Une journée particulière

À la onzième heure du onzième jour du onzième mois de la cinquième année de guerre, les armes se sont tues. Un armistice signé dans un wagon placé dans la clairière de Rethondes a mis fin à ce que l’on nomme depuis 1915 la Grande Guerre. Dans les premiers jours de novembre 1918 les autorités allemandes ont fait savoir qu’elles désiraient négocier un arrêt des combats. Le 5, le centre de radio-télégraphie de la Tour Eiffel a reçu le texte de cette demande. Le 7, les plénipotentiaires allemands passent les lignes du front pour rejoindre le général en chef des armées alliées, le général Foch. La rencontre est fixée dans un wagon-restaurant aménagé en bureau pour l’état-major de Foch en septembre 1918. La forêt de Compiègne, sur des voies de chemin de fer utilisées pour les tirs à longue portée offre un endroit discret et accessible. L’abdication de Guillaume II le 9 novembre accélère la prise de décision et le 11 novembre vers 5h20 le cessez-le-feu est signé pour une durée de 36 jours. Le texte impose aux futurs vaincus deux mesures principales : la cessation des hostilités sur terre et dans les airs, six heures après la signature ainsi que l’évacuation des pays envahis.

L’annonce du cessez-le-feu sur le front, par sonnerie de clairon, donne naissance à des scènes d’émotion, de fraternisation, d’immense soulagement. Les soldats n’osent y croire. La nouvelle à peine connue, la liesse populaire s’empare des populations urbaines. Mais cette liesse, visible sur les documents photographiques et filmés ne doit pas tromper. Plus que la joie de la victoire, c’est le soulagement que les populations expriment : soulagement éprouvé à la fin d’un conflit particulièrement meurtrier, soulagement de ne plus avoir à lire les listes de soldats morts, disparus, blessés, soulagement de ne plus attendre dans l’angoisse la visite du maire et du curé.

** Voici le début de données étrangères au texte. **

(* Let $\Lambda$ be the function defined below. If $0<\beta<\frac{\pi}{2}$, then $$D_{\beta,0}=\min_{\{\theta:\frac{1}{11}\beta\le\theta\le 2\beta\}}\Lambda(\beta,\theta),$$ while if $\frac{\pi}{2}\le\beta<\infty$, then $$D_{\beta,0}=\min_{\{\theta:\frac{1}{7}\le\theta\le\pi\}}\Lambda(\beta,\theta).$$
   Context: Let $\mathcal{H}=\{(x,v)\in\mathbb{R}^2:v\ge 0\}$ and let $d_H$ be the Riemannian distance on $\mathcal{H}$ induced by the metric $ds^2=v^{-1}(dx^2+dv^2)$ on the open upper half-plane (extended to the boundary $v=0$ as the infimum of lengths of curves). For $\beta,\gamma\in\mathbb{R}$ let $L_{\beta,\gamma}=\{(x,v)\in\mathcal{H}:x=\beta+\gamma v,\ v\ge0\}$ and $$D_{\beta,\gamma}=\inf\Big\{\tfrac{1}{2}d_H((0,1),(x,v))^2:(x,v)\in L_{\beta,\gamma}\Big\}.$$ Define, for $\theta\ne0$ and $x$ with $2(\theta-\sin\theta)x+2(1-\cos\theta)-\theta^2\ge0$, $$\Lambda(x,\theta)=\frac{\theta^2}{(\theta-\sin\theta)^2}\Big[(\theta-\sin\theta)x+2(1-\cos\theta)-\theta\sin\theta-(1-\cos\theta)\sqrt{2(\theta-\sin\theta)x+2(1-\cos\theta)-\theta^2}\Big],$$ with the nonnegative square root. *)

theory Defs
  imports "HOL-Analysis.Analysis"
begin

definition HP :: "(real \<times> real) set" where
  "HP = {p. snd p \<ge> 0}"

definition admissible_curve :: "(real \<Rightarrow> real \<times> real) \<Rightarrow> real \<times> real \<Rightarrow> real \<times> real \<Rightarrow> bool" where
  "admissible_curve g p q \<longleftrightarrow>
     g piecewise_C1_differentiable_on {0..1} \<and> g 0 = p \<and> g 1 = q \<and>
     (\<forall>t\<in>{0<..<1}. snd (g t) > 0)"

text \<open>Riemannian length w.r.t. ds^2 = v^{-1}(dx^2+dv^2): integrand |g'(t)| / sqrt(v(t)).\<close>
definition has_H_length :: "(real \<Rightarrow> real \<times> real) \<Rightarrow> real \<Rightarrow> bool" where
  "has_H_length g L \<longleftrightarrow>
     ((\<lambda>t. norm (vector_derivative g (at t)) / sqrt (snd (g t))) has_integral L) {0..1}"

definition dH :: "real \<times> real \<Rightarrow> real \<times> real \<Rightarrow> real" where
  "dH p q = Inf {L. \<exists>g. admissible_curve g p q \<and> has_H_length g L}"

definition Lline :: "real \<Rightarrow> real \<Rightarrow> (real \<times> real) set" where
  "Lline \<beta> \<gamma> = {(x, v). v \<ge> 0 \<and> x = \<beta> + \<gamma> * v}"

definition Dfun :: "real \<Rightarrow> real \<Rightarrow> real" where
  "Dfun \<beta> \<gamma> = Inf {(1/2) * (dH (0, 1) p)\<^sup>2 | p. p \<in> Lline \<beta> \<gamma>}"
(* For every $m\in\mathbb{N}_0$ and every complex $s=\sigma+it$ with $\sigma>1/2$, $$\sum_{n=0}^{+\infty}\binom{n+m}{n}\left|\ell_n^{(m)}\right|\left|\frac{1-s}{s}\right|^n\le\left(\frac{1}{m!}\int_1^{+\infty}\frac{\{x\}^2\log^m x}{x^2}\mathrm{d}x\right)^{1/2}\left(\frac{|s|}{\sqrt{2\sigma-1}}\right)^{m+1}<\infty .$$
   Context: $\{x\}=x-\lfloor x\rfloor$; $\ell_n^{(m)}=-\delta_{n,0}+\sum_{k=0}^n\binom{n}{k}(-1)^{n-k}\sum_{j=0}^{m+k}\frac{\gamma_j}{j!}$, where $\delta_{n,k}$ is the Kronecker delta and $\gamma_j=\lim_{N\to\infty}\left(\sum_{k=1}^N\frac{\log^j k}{k}-\frac{\log^{j+1}N}{j+1}\right)$ are the Stieltjes constants. *)

theory Defs
  imports "HOL-Analysis.Analysis"
begin

definition stieltjes :: "nat \<Rightarrow> real" where
  "stieltjes j = lim (\<lambda>N::nat. (\<Sum>k=1..N. ln (real k) ^ j / real k)
                                 - ln (real N) ^ (Suc j) / real (Suc j))"

definition ell :: "nat \<Rightarrow> nat \<Rightarrow> real" where
  "ell m n = - (if n = 0 then 1 else 0)
     + (\<Sum>k=0..n. real (n choose k) * (-1) ^ (n - k)
          * (\<Sum>j=0..m+k. stieltjes j / fact j))"

end

theory Submission
  imports Defs
begin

Dans l’après-midi, vers 16 heures, Georges Clemenceau se rend à la Chambre des députés pour présenter les conditions d’armistice. Après de longues minutes d’applaudissements d’une chambre débout, le Président du conseil, ministre de la guerre, lit la convention signée le matin même. Le « père la victoire » devient en ce jour le soldat de l’idéal et peut proclamer «…en cette heure terrible, grande et magnifique, mon devoir est accompli… ». La fin de la guerre efface le débat politico-militaire qui avait cours pendant les jours précédents la signature. Faut-il continuer le combat, chasser les Allemands de Belgique, poursuivre l’armée allemande jusque sur son propre territoire comme le préconise le président Poincaré soutenu par le général Pétain ? Faut-il tenir compte de la situation d’épuisement des soldats et des populations, mettre fin le plus vite possible au conflit comme le voudraient Clemenceau et Foch ? Le soulagement de la fin des combats est ressenti partout en Europe occidentale.

Cette date devient rapidement un enjeu mémoriel dans une république qui multiplie depuis près de quarante années allégories, symboles, lieux de mémoire.

 

Une mise en mémoire originale

En 1919, le onze novembre est commémoré à sa date dans une discrétion relative. L’année a été marquée par une immense manifestation, le défilé de la victoire, le 14 juillet autour de l’Arc de triomphe et sur les Champs Elysée. D’autre part le 2 novembre, le premier jour des morts depuis la fin de la guerre est commémoré par les familles, dans une approche intimiste et privée. Les autorités ont tenu à ces commémorations familiales, recueillement de communautés en deuil, dans un esprit consensuel.

En 1920, la République qui fête son cinquantenaire donne véritablement naissance à une commémoration à dimension nationale. Une invention commémorative, proposée dès 1916 par le président du Souvenir français, décidée par le Parlement en 1918 et liée à l’un des effets majeurs de la guerre, la disparition des corps, se met en place : la célébration du soldat inconnu, héros anonyme d’une Nation, représentant du peuple des soldats, « le fils de toutes les mères qui n’ont pas retrouvé leur fils… » comme l’affirme le général Weygand. Le lieu d’inhumation fait débat, soulignant les tensions que produit cette construction mémorielle. De nombreux républicains proposent le Panthéon pour faire de tous les Poilus à travers un seul le grand homme auquel la Patrie se doit d’être reconnaissante. L’Arc de triomphe n’est choisi qu’à la suite d’une campagne de presse. Le lieu réunit les soldats de la Révolution, de l’Empire, des guerres du XIXe siècle dans un esprit de continuité historique des conflits auxquels les armées françaises participent depuis 1792.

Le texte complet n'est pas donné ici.